Setenta anos da Declaração Universal dos Direitos Humanos

Na data de 10 de dezembro de 1948, era proclamada a Declaração Universal dos Direitos Humanos, através da Resolução 217 A da Organização das Nações Unidas. O documento histórico de trinta artigos permanece, setenta anos depois, como um ideal ainda a ser alcançado pelas nações do mundo inteiro, inclusive o Brasil.

Resposta aos horrores da Segunda Guerra Mundial, a DUDH foi pioneira em muitos aspectos e abriu espaço a uma nova fase do Direito Penal Internacional, com penalização de países e agentes de Estado que cometerem crimes, e também foi notável influência para o Direito interno de cada país.

Declaração Universal dos Direitos Humanos

Apenas a título de exemplo, a DUDH foi a pioneira em condenar explicitamente a prática de tortura. Condenar a tortura deveria ser algo óbvio para qualquer país dito democrático, mas até então não havia qualquer previsão normativa nesse sentido:

Artigo 5°

Ninguém será submetido a tortura nem a penas ou tratamentos cruéis, desumanos ou degradantes.

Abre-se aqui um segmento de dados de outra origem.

theorem mainTheorem7:
  fixes M :: "'a measure" and A :: "nat \<Rightarrow> nat \<Rightarrow> real"
    and f :: "nat \<Rightarrow> 'a \<Rightarrow> 'a" and D R :: "nat \<Rightarrow> 'a set" and F :: "'a \<Rightarrow> 'a"
    and b :: "nat \<Rightarrow> real"
  assumes A01: "\<forall>i j. A i j \<in> {0, 1}"
    and Arows: "\<forall>i. finite {j. A i j = 1}"
    and sf: "sigma_finite_measure M"
    and bs: "A_branching_system M A f D R F"
    and Rfin: "\<forall>i. emeasure M (R i) < \<infinity>"
    and bpos: "\<forall>i. b i > 0"
    and Phi: "\<forall>i. is_RN_deriv_on M (f i) (D i) (\<lambda>_. ennreal (b i))"
  shows "(\<forall>\<psi>\<in>chi_span R. \<exists>\<phi>\<in>chi_span R. is_PF_image M F \<psi> \<phi>) \<and>
         (\<forall>z. is_PF_image M F (indicator (R z))
                (\<lambda>x. \<Sum>j\<in>{j. A z j = 1}. (A z j * b z) * indicator (R j) x))"
proof -
  \<comment> \<open>\<open>A01\<close> and \<open>sf\<close> are not used: only the entries \<open>A z j = 1\<close> matter, and every set whose
    measure is taken has finite measure.\<close>
  define column where "column z = (\<lambda>x. \<Sum>j\<in>{j. A z j = 1}. (A z j * b z) * indicator (R j) x)" for z
  have column_image: "is_PF_image M F (indicator (R z)) (column z)" for z
  proof -
    have "column z = (\<lambda>x. \<Sum>j\<in>{j. A z j = 1}. b z * indicator (R j) x)"
      unfolding column_def by (auto intro!: sum.cong)
    then show ?thesis
      using is_PF_image_indicator_range[OF bs] Arows Rfin bpos Phi by (simp add: less_imp_le)
  qed
  have column_span: "column z \<in> chi_span R" for z
    using Arows unfolding column_def chi_span_def
    by (auto intro!: exI[of _ "{j. A z j = 1}"] exI[of _ "\<lambda>j. A z j * b z"])
  have "\<exists>\<phi>\<in>chi_span R. is_PF_image M F \<psi> \<phi>" if "\<psi> \<in> chi_span R" for \<psi>
  proof -
    obtain I c where \<psi>: "\<psi> = (\<lambda>x. \<Sum>i\<in>I. c i * indicator (R i) x)"
      using \<open>\<psi> \<in> chi_span R\<close> unfolding chi_span_def by blast
    have "is_PF_image M F \<psi> (\<lambda>x. \<Sum>i\<in>I. c i * column i x)"
      unfolding \<psi> using bs Rfin column_image
      by (intro is_PF_image_sum) (auto simp: A_branching_system_def nonsingular_def)
    then show ?thesis
      using chi_span_sum[where \<phi> = column and I = I and c = c] column_span by blast
  qed
  then show ?thesis
    using column_image by (simp add: column_def)
qed

end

Durante muitos períodos históricos, a prática de tortura a título de obter a confissão do réu era corrente por autoridades da polícia e do Judiciário:

Até o advento dos Códigos Penais modernos, no curso do século XIX, todo processo penal fundava-se na confissão do réu, considerada a rainha das provas. No plano internacional, porém, ela só veio a ser expressamente condenada com a Declaração Universal de Direitos do Homem. A Convenção Europeia de Direitos Humanos, que lhe é posterior, não contém disposição alguma a respeito. O mandamento do Artigo V foi desenvolvido pelas Nações Unidas em três tratados da maior importância: o Pacto Internacional de Direitos Civis e Políticos de 1966, a Convenção contra a Tortura e outros Tratamentos ou Penas Cruéis, Desumanos ou Degradantes de 1984 e o Estatuto do Tribunal Penal Internacional de 1998. (COMPARATO, Fábio Konder. Ninguém será submetido à tortura. In Os Direitos Humanos desafiando o século XXI. Vários Autores. Brasília: OAB, Conselho Federal, Comissão Nacional de Direitos Humanos, 2009, pg 55).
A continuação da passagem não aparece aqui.